Stored items from a collection:
[Start of section]
(* Under the hypotheses of Theorem 1 (convex $f_i$ with subgradients bounded by $L$, closed convex $\Omega$, $W$ nonnegative doubly stochastic with positive diagonal and strongly connected positive-entry graph, second-largest singular value $\sigma<1$; positive nonincreasing step-sizes $\alpha(t)$, square summable but not summable, with $\sum_{k=1}^t\alpha(k)\le C_\alpha\sum_{k=\lceil t/2\rceil}^t\alpha(k)$ and $\alpha(\lfloor t/2\rfloor)\le C_\alpha'\alpha(t)$ for all $t$; iteration $x(t+1)=W P_\Omega[x(t)-\alpha(t)g(t)]$ with identical initial rows in $\Omega$), there is an absolute constant $c>0$ such that for all $t$ with $$t\ge\frac{c}{1-\sigma}\log\frac{(1-\sigma)\,t\,\alpha_{\max}}{C_\alpha'\alpha(t)}$$ we have $$\|x(t)-\mathbf 1\overline{x}(t)\|_F\le\frac{2C_\alpha'\alpha(t)L\sqrt n}{1-\sigma}.$$
   Context: $x(t)$ is the $n\times d$ matrix with rows $x_i(t)$; $g(t)$ has rows $g_i(t)$, a subgradient of $f_i$ at $x_i(t)$; $P_\Omega$ is row-wise Euclidean projection onto $\Omega$; $\overline{x}(t)=\frac1n\sum_i x_i(t)$ (a row vector), $\mathbf 1$ is the all-ones column vector in $\mathbb{R}^n$, so $\mathbf 1\overline{x}(t)$ is $n\times d$; $\|\cdot\|_F$ is the Frobenius norm; $\alpha_{\max}=\max_t\alpha(t)$. *)

theory Defs
  imports Complex_Main "Jordan_Normal_Form.Char_Poly" "HOL-Computational_Algebra.Polynomial"
begin

text \<open>Rows of the n x d iterate matrices are vectors of R^d, represented as real vec of
  dimension d (Jordan_Normal_Form). The number of agents n and the dimension d are
  natural numbers, so that the constant c can be stated independently of them.\<close>

definition vnorm :: "real vec \<Rightarrow> real" where
  "vnorm v = sqrt (v \<bullet> v)"

definition frob :: "real mat \<Rightarrow> real" where
  "frob A = sqrt (\<Sum>i<dim_row A. \<Sum>k<dim_col A. (A $$ (i,k))^2)"

definition convex_vset :: "nat \<Rightarrow> real vec set \<Rightarrow> bool" where
  "convex_vset d S \<longleftrightarrow> S \<subseteq> carrier_vec d \<and>
     (\<forall>u\<in>S. \<forall>v\<in>S. \<forall>\<theta>::real. 0 \<le> \<theta> \<and> \<theta> \<le> 1 \<longrightarrow> \<theta> \<cdot>\<^sub>v u + (1 - \<theta>) \<cdot>\<^sub>v v \<in> S)"

definition closed_vset :: "nat \<Rightarrow> real vec set \<Rightarrow> bool" where
  "closed_vset d S \<longleftrightarrow> S \<subseteq> carrier_vec d \<and>
     (\<forall>s v. (\<forall>k. s k \<in> S) \<and> v \<in> carrier_vec d \<and> (\<lambda>k. vnorm (s k - v)) \<longlonglongrightarrow> 0 \<longrightarrow> v \<in> S)"

definition convex_vfun :: "nat \<Rightarrow> (real vec \<Rightarrow> real) \<Rightarrow> bool" where
  "convex_vfun d h \<longleftrightarrow>
     (\<forall>u\<in>carrier_vec d. \<forall>v\<in>carrier_vec d. \<forall>\<theta>::real. 0 \<le> \<theta> \<and> \<theta> \<le> 1 \<longrightarrow>
        h (\<theta> \<cdot>\<^sub>v u + (1 - \<theta>) \<cdot>\<^sub>v v) \<le> \<theta> * h u + (1 - \<theta>) * h v)"

definition subgrad :: "nat \<Rightarrow> (real vec \<Rightarrow> real) \<Rightarrow> real vec \<Rightarrow> real vec \<Rightarrow> bool" where
  "subgrad d h u s \<longleftrightarrow> s \<in> carrier_vec d \<and>
     (\<forall>y\<in>carrier_vec d. h y \<ge> h u + s \<bullet> (y - u))"

definition proj :: "real vec set \<Rightarrow> real vec \<Rightarrow> real vec" where
  "proj S v = (SOME p. p \<in> S \<and> (\<forall>q\<in>S. vnorm (v - p) \<le> vnorm (v - q)))"

definition singular_values :: "real mat \<Rightarrow> real multiset" where
  "singular_values A = image_mset sqrt (proots (char_poly (transpose_mat A * A)))"

text \<open>Second-largest singular value (0 if there is no second one, i.e. for 1 x 1 matrices).\<close>
definition second_singular_value :: "real mat \<Rightarrow> real" where
  "second_singular_value A =
     (let l = rev (sorted_list_of_multiset (singular_values A)) in
      if length l \<ge> 2 then l ! 1 else 0)"

definition doubly_stochastic_pos :: "nat \<Rightarrow> real mat \<Rightarrow> bool" where
  "doubly_stochastic_pos n W \<longleftrightarrow> W \<in> carrier_mat n n \<and>
     (\<forall>i<n. \<forall>j<n. W $$ (i,j) \<ge> 0) \<and>
     (\<forall>i<n. (\<Sum>j<n. W $$ (i,j)) = 1) \<and>
     (\<forall>j<n. (\<Sum>i<n. W $$ (i,j)) = 1) \<and>
     (\<forall>i<n. W $$ (i,i) > 0)"
lemma c_const_inverse_mult_sin:
  fixes u :: real
  assumes "0 < u" "u < 1"
  shows "c_const (1/u) * sin (pi * u) = 2 * pi * u^2 * ((1 - u) / u) powr u"
proof -
  define r where "r = (1 - u) / u"
  have r: "1/u - 1 = r" "0 < r" using assms by (auto simp: r_def field_simps)
  have "sin (pi * u) > 0"
    using assms by (intro sin_gt_zero) auto
  moreover have "(1/u - 1) powr (u - 1) = r powr u / r"
    using r by (simp add: powr_diff)
  ultimately have "c_const (1/u) * sin (pi * u) = 2 * u * (pi - pi * u) * (r powr u / r)"
    using assms by (simp add: c_const_def)
  also have "\<dots> = 2 * pi * u^2 * r powr u"
    using assms by (simp add: r_def field_simps power2_eq_square)
  finally show ?thesis by (simp add: r_def)
qed

lemma c_const_inverse_mult_sin_le:
  fixes u :: real
  assumes "0 < u" "u < 1"
  shows "c_const (1/u) * sin (pi * u) \<le> 4 * pi * u^2 * (1 - u)"
proof -
  have "((1 - u) / u) powr u \<le> u * ((1 - u) / u) + (1 - u)"
    using assms by (intro powr_weighted_am_gm) auto
  also have "\<dots> = 2 * (1 - u)"
    using assms by simp
  finally show ?thesis
    using assms by (simp add: c_const_inverse_mult_sin)
qed

lemma c_const_pos:
  assumes "1 \<le> p"
  shows "0 < c_const p"
proof (cases "p = 1")
  case False
  then have "0 < sin (pi / p)"
    using assms by (intro sin_gt_zero) (auto simp: field_simps)
  moreover have "pi / p < pi"
    using assms False by (simp add: field_simps)
  ultimately show ?thesis
    using assms False by (simp add: c_const_def)
qed (simp add: c_const_def)

lemma pi_le_317_100: "pi \<le> 317/100"
  using pi_approx(2) by simp
lemma le_sq_sum_of_weighted_bounds:
  fixes E :: ennreal and P a :: real
  assumes "P \<ge> 0" "a \<ge> 0"
    and bound: "\<And>t. t > 0 \<Longrightarrow> E \<le> ennreal ((1 + t) * P\<^sup>2 + (1 + 1 / t) * a\<^sup>2)"
  shows "E \<le> ennreal ((P + a)\<^sup>2)"
proof -
  have perturbed: "E \<le> ennreal ((P + a + 2 * \<epsilon>) * (P + a))" if "\<epsilon> > 0" for \<epsilon>
  proof -
    \<comment> \<open>the optimal weight \<open>a / P\<close>, perturbed to avoid division by zero\<close>
    define t where "t = (a + \<epsilon>) / (P + \<epsilon>)"
    have "t > 0" unfolding t_def using assms that by simp
    have "(1 + t) * P\<^sup>2 = (P + a + 2 * \<epsilon>) * P * (P / (P + \<epsilon>))"
      unfolding t_def using assms that by (simp add: field_simps power2_eq_square)
    also have "\<dots> \<le> (P + a + 2 * \<epsilon>) * P"
      using assms that by (intro mult_left_le) auto
    finally have P_part: "(1 + t) * P\<^sup>2 \<le> (P + a + 2 * \<epsilon>) * P" .
    have "(1 + 1 / t) * a\<^sup>2 = (P + a + 2 * \<epsilon>) * a * (a / (a + \<epsilon>))"
      unfolding t_def using assms that by (simp add: field_simps power2_eq_square)
    also have "\<dots> \<le> (P + a + 2 * \<epsilon>) * a"
      using assms that by (intro mult_left_le) auto
    finally have "(1 + t) * P\<^sup>2 + (1 + 1 / t) * a\<^sup>2 \<le> (P + a + 2 * \<epsilon>) * (P + a)"
      using P_part by (simp add: distrib_left)
    then show ?thesis
      using bound[OF \<open>t > 0\<close>] by (meson ennreal_leI order_trans)
  qed
  show ?thesis
  proof (rule ennreal_le_epsilon)
    fix e :: real
    assume "e > 0"
    define \<epsilon> where "\<epsilon> = e / (2 * (P + a) + 1)"
    have "\<epsilon> > 0" and "2 * \<epsilon> * (P + a) \<le> e"
      using assms \<open>e > 0\<close> by (auto simp: \<epsilon>_def field_simps)
    then have "(P + a + 2 * \<epsilon>) * (P + a) \<le> (P + a)\<^sup>2 + e"
      by (simp add: power2_eq_square algebra_simps)
    then have "E \<le> ennreal ((P + a)\<^sup>2 + e)"
      using perturbed[OF \<open>\<epsilon> > 0\<close>] ennreal_leI order_trans by blast
    then show "E \<le> ennreal ((P + a)\<^sup>2) + ennreal e"
      using \<open>e > 0\<close> by (simp add: ennreal_plus)
  qed
qed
[End of section]
> [Try it]
Which of the lines above contain "moreover"? Return them all.

> [Answer space]
  moreover have "(1/u - 1) powr (u - 1) = r powr u / r"
  moreover have "pi / p < pi"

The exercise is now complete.